Returning to or Changing Tracks in the Work Force

Remember your first resume, the one that served you well, producing interviews for your first job? Now you're ready to pull it out again and update it for a new employment campaign.

If you plan on just updating your old resume, don't be suprised if hiring managers are not especially impressed with it. Just as the job market has changed since your first job, so too has the resume.

Experienced professionals must present to employers a slate of accomplishments that are entirely different from those a new graduate would offer. New graduates provide a general resume, heavy on collegiate experience, allowing for consideration in many positions.

This is not the case with experienced candidates' resumes. More and more employers are now searching for candidates with proven track records in solving specific problems unique to their organizations. Today the experienced candidate must be prepared to research the needs of an organization and tailor his resume to show how past accomplishments meet the employer's criteria.

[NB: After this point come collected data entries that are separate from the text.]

text \<open>Write A(S) = vrag_kernel \<alpha> S, so that U_i = \<Lambda>_i A(\<Lambda>_1 + \<Lambda>_2), and B = -A'.
  Against an opponent rate a, the marginal payoff of the rate l is D(a,l) = A(a+l) - l B(a+l).
  An integration by parts gives S (2/\<alpha>) B(S) = C(S), where C carries the weight 1/(1+x)^2
  instead of 1/(1+x). Hence D(a,l) = A(S) - c C(S) with S = a+l and c = (\<alpha>/2) l/S, and the
  integrand (1 - c/(1+x)) exp(-S x^(2/\<alpha>))/(1+x) of A(S) - c C(S) changes sign exactly once,
  at x* = c - 1. Raising S by h multiplies the integrand by exp(-h x^(2/\<alpha>)), which is below
  exp(-h x*^(2/\<alpha>)) where the integrand is positive and above it where it is negative; so once
  D(a,.) is nonpositive it stays negative, and the same holds for L \<mapsto> D(L,L), where c = \<alpha>/4.
  Thus each payoff is unimodal in the own rate, the best reply to a is min N (\<Lambda>^(a)) with \<Lambda>^(a)
  the root of D(a,.), and D(l2,l1) - D(l1,l2) = (l2 - l1) B(l1 + l2) excludes every mutual
  best reply except the ones listed. For \<alpha> \<le> 4 the symmetric marginal payoff never vanishes.\<close>

lemma powr_mult_exp_le:
  fixes r S t :: real
  assumes "r > 0" "S > 0" "t \<ge> 0"
  shows "t powr r * exp (- S * t) \<le> (r / S) powr r"
proof -
  have "(S/r) * t \<le> exp ((S/r) * t)"
    using exp_ge_add_one_self[of "(S/r)*t"] by linarith
  hence "t * exp (- (S/r) * t) \<le> r / S"
    using assms by (simp add: exp_minus field_simps)
  moreover have "t powr r * exp (- S * t) = (t * exp (- (S/r) * t)) powr r"
    using assms by (simp add: powr_mult exp_powr_real)
  ultimately show ?thesis
    using assms by (simp add: powr_mono2)
qed

lemma powr_mult_square_exp_le:
  fixes q s :: real
  assumes "q \<ge> 0" "s > 0"
  shows "q powr s * (1 + q powr s)^2 * exp (-q) \<le> 2 * (s powr s + (3 * s) powr (3 * s))"
proof -
  define u where "u = q powr s"
  have u: "u \<ge> 0" "u^2 = q powr (2 * s)"
    unfolding u_def by (simp_all add: power2_eq_square powr_add[symmetric])
  have "(1 + u)^2 \<le> 2 + 2 * u^2"
    using zero_le_power2[of "1 - u"] by (simp add: power2_eq_square algebra_simps)
  hence "u * (1 + u)^2 * exp (-q) \<le> u * (2 + 2 * u^2) * exp (-q)"
    using u by (intro mult_right_mono mult_left_mono) auto
  also have "\<dots> = 2 * (q powr s * exp (- 1 * q)) + 2 * (q powr (3 * s) * exp (- 1 * q))"
    unfolding u unfolding u_def by (simp add: algebra_simps powr_add[symmetric])
  also have "\<dots> \<le> 2 * ((s/1) powr s) + 2 * ((3 * s / 1) powr (3 * s))"
    using powr_mult_exp_le[of s 1 q] powr_mult_exp_le[of "3 * s" 1 q] assms
    by (intro add_mono mult_left_mono) auto
  finally show ?thesis unfolding u_def by simp
qed
lemma RA_policy_operator_greedy:
  fixes f :: "'x \<Rightarrow> 'u::finite \<Rightarrow> 'x"
  assumes "\<And>x. V (f x (a x)) = Max (range (\<lambda>u. V (f x u)))"
  shows "RA_policy_operator f l g \<gamma> (\<lambda>x. return_pmf (a x)) V = RA_opt_operator f l g \<gamma> V"
  by (simp add: fun_eq_iff RA_policy_operator_def RA_opt_operator_def assms)

lemma RA_policy_value_eq_iff:
  fixes f :: "'x::finite \<Rightarrow> 'u \<Rightarrow> 'x"
  assumes "0 \<le> \<gamma>" "\<gamma> < 1"
  shows "RA_policy_value f l g \<gamma> \<pi> = V \<longleftrightarrow> RA_policy_operator f l g \<gamma> \<pi> V = V"
proof -
  have "RA_policy_operator f l g \<gamma> \<pi> W = W \<longleftrightarrow> (\<forall>x. W x = (1 - \<gamma>) * min (l x) (g x)
      + \<gamma> * measure_pmf.expectation (\<pi> x) (\<lambda>u. min (max (W (f x u)) (l x)) (g x)))" for W
    unfolding fun_eq_iff RA_policy_operator_def by (rule iff_allI) (rule eq_commute)
  then have "RA_policy_value f l g \<gamma> \<pi> = (THE W. RA_policy_operator f l g \<gamma> \<pi> W = W)"
    by (simp add: RA_policy_value_def)
  moreover have "\<exists>!W. RA_policy_operator f l g \<gamma> \<pi> W = W"
    using blackwell_contraction_RA_policy_operator[OF assms(1)]
    by (rule blackwell_contraction_ex1_fixpoint[OF assms(2)])
  ultimately show ?thesis
    by (simp add: The_eq_iff)
qed

lemma RA_opt_value_eq_iff:
  fixes f :: "'x::finite \<Rightarrow> 'u::finite \<Rightarrow> 'x"
  assumes "0 \<le> \<gamma>" "\<gamma> < 1"
  shows "RA_opt_value f l g \<gamma> = V \<longleftrightarrow> RA_opt_operator f l g \<gamma> V = V"
proof -
  have "RA_opt_operator f l g \<gamma> W = W \<longleftrightarrow> (\<forall>x. W x = (1 - \<gamma>) * min (l x) (g x)
      + \<gamma> * min (max (Max (range (\<lambda>u. W (f x u)))) (l x)) (g x))" for W
    unfolding fun_eq_iff RA_opt_operator_def by (rule iff_allI) (rule eq_commute)
  then have "RA_opt_value f l g \<gamma> = (THE W. RA_opt_operator f l g \<gamma> W = W)"
    by (simp add: RA_opt_value_def)
  moreover have "\<exists>!W. RA_opt_operator f l g \<gamma> W = W"
    using blackwell_contraction_RA_opt_operator[OF assms(1)]
    by (rule blackwell_contraction_ex1_fixpoint[OF assms(2)])
  ultimately show ?thesis
    by (simp add: The_eq_iff)
qed

lemma RA_policy_value_le_opt_value:
  fixes f :: "'x::finite \<Rightarrow> 'u::finite \<Rightarrow> 'x"
  assumes "0 \<le> \<gamma>" "\<gamma> < 1"
  shows "RA_policy_value f l g \<gamma> \<pi> x \<le> RA_opt_value f l g \<gamma> x"
proof (rule blackwell_contraction_le_fixpoint[OF assms(2)],
    rule blackwell_contraction_RA_opt_operator[OF assms(1)])
  let ?W = "RA_policy_value f l g \<gamma> \<pi>"
  fix y
  have "RA_policy_operator f l g \<gamma> \<pi> ?W = ?W"
    using RA_policy_value_eq_iff[OF assms] by blast
  then have "?W y = RA_policy_operator f l g \<gamma> \<pi> ?W y"
    by simp
  also have "\<dots> \<le> RA_opt_operator f l g \<gamma> ?W y"
    by (rule RA_policy_operator_le_opt_operator[OF assms(1)])
  finally show "?W y \<le> RA_opt_operator f l g \<gamma> ?W y" .
next
  show "RA_opt_operator f l g \<gamma> (RA_opt_value f l g \<gamma>) = RA_opt_value f l g \<gamma>"
    using RA_opt_value_eq_iff[OF assms] by blast
qed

Consider these items when re-writing your resume:
1. Summary, not objective:
The resume for an entry-level position typically includes a general objective describing the type of opportunity desired. The experienced candidate will be better served by summarizing three or four skills that match the employer's needs. These highlights can appear in a short paragraph or quick "bullet" format.
2. Lead with experience, not education:
There are other differences, too. Typically, new grad resumes provide education information after the objective. Although one should include this information on your resume, it is better to place it toward the bottom. Actual experience is more important than education and should lead the resume.
3. Accomplishments, not just responsibilities:
When detailing job history, don't fall into the trap of just listing responsibilities. Think in terms of what you have accomplished by completing those tasks. In other words, don't just tell employers what you did; also tell them the outcome of your actions. "Responsible for developing departmental budget" could be a duty. "Proposed and tracked annual $500,000 departmental budget. Only division to meet deadlines and operate within budget during past three years" is a statement that details the results of your problem-solving abilities and clues the employer to specific problems you can solve.
4. Include relevant activities, not hobbies:
Clubs, organizations, and outside interests--a staple for entry-level candidate resumes--should be approached with caution by the experienced candidate. Activities that relate directly to your self-improvement efforts, e.g., continuing education, and the position you are seeking are important to include. Don't include hobby-type activities.
5. Your resume isn't limited to one page:
The length of the resume may also be different for the experienced candidate. Whereas a two-page document might not be appropriate for a new graduate, it can serve a valuable purpose for the veteran employee. Often, the candidate has enough relevant accomplishments and experiences to warrant expansion to a second page.